» **Problem statement**
Here are the records. Write out exactly the lines between the one holding "(nat \<Rightarrow> real)" and the one holding "cs) X \<and>", inclusive.

↓

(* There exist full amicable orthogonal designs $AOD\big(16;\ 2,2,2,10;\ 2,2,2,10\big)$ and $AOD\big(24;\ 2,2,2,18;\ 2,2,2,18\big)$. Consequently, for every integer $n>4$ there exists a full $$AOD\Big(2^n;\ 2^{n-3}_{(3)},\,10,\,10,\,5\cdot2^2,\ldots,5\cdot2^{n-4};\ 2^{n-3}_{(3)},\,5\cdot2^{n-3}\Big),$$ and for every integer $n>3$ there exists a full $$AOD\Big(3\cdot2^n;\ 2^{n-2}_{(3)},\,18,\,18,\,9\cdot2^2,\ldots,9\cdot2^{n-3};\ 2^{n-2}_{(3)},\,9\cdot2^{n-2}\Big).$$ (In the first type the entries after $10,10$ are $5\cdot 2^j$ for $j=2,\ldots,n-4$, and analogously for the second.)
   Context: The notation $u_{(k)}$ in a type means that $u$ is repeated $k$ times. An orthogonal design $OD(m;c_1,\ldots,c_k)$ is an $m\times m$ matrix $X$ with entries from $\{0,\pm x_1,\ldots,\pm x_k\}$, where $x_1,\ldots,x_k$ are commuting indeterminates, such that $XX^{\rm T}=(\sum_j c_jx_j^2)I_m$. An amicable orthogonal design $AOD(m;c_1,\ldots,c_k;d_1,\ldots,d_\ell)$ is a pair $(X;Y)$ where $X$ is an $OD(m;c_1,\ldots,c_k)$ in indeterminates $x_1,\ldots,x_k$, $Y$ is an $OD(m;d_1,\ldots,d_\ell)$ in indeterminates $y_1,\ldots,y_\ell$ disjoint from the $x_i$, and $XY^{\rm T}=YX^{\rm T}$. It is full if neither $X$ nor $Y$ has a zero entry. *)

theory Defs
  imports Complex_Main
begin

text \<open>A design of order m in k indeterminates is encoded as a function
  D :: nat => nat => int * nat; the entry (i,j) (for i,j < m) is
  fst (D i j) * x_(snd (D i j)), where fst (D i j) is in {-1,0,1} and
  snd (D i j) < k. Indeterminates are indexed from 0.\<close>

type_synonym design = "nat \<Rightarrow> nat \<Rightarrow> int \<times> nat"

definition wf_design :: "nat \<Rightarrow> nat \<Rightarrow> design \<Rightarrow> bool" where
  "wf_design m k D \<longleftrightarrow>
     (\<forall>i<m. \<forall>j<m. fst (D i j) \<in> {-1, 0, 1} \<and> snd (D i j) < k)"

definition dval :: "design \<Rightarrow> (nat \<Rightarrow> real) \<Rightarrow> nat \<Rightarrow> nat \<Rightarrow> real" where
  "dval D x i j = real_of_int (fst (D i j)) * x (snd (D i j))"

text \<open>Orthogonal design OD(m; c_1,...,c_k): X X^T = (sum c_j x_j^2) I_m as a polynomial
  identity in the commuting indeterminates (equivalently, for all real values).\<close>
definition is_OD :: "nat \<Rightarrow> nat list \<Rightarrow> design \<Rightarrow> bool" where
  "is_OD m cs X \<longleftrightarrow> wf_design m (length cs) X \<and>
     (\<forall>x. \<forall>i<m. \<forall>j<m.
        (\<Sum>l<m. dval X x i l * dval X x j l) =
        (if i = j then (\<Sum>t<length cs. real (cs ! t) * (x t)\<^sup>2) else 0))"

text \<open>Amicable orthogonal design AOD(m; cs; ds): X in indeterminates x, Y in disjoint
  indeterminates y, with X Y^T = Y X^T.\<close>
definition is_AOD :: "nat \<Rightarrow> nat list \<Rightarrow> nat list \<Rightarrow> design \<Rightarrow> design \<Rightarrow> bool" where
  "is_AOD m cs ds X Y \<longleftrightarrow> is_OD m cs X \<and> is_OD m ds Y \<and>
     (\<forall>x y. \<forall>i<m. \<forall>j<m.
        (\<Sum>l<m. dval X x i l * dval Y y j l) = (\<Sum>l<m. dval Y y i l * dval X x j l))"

↑

» **Finished task**
definition dval :: "design \<Rightarrow> (nat \<Rightarrow> real) \<Rightarrow> nat \<Rightarrow> nat \<Rightarrow> real" where
  "dval D x i j = real_of_int (fst (D i j)) * x (snd (D i j))"

text \<open>Orthogonal design OD(m; c_1,...,c_k): X X^T = (sum c_j x_j^2) I_m as a polynomial
  identity in the commuting indeterminates (equivalently, for all real values).\<close>
definition is_OD :: "nat \<Rightarrow> nat list \<Rightarrow> design \<Rightarrow> bool" where
  "is_OD m cs X \<longleftrightarrow> wf_design m (length cs) X \<and>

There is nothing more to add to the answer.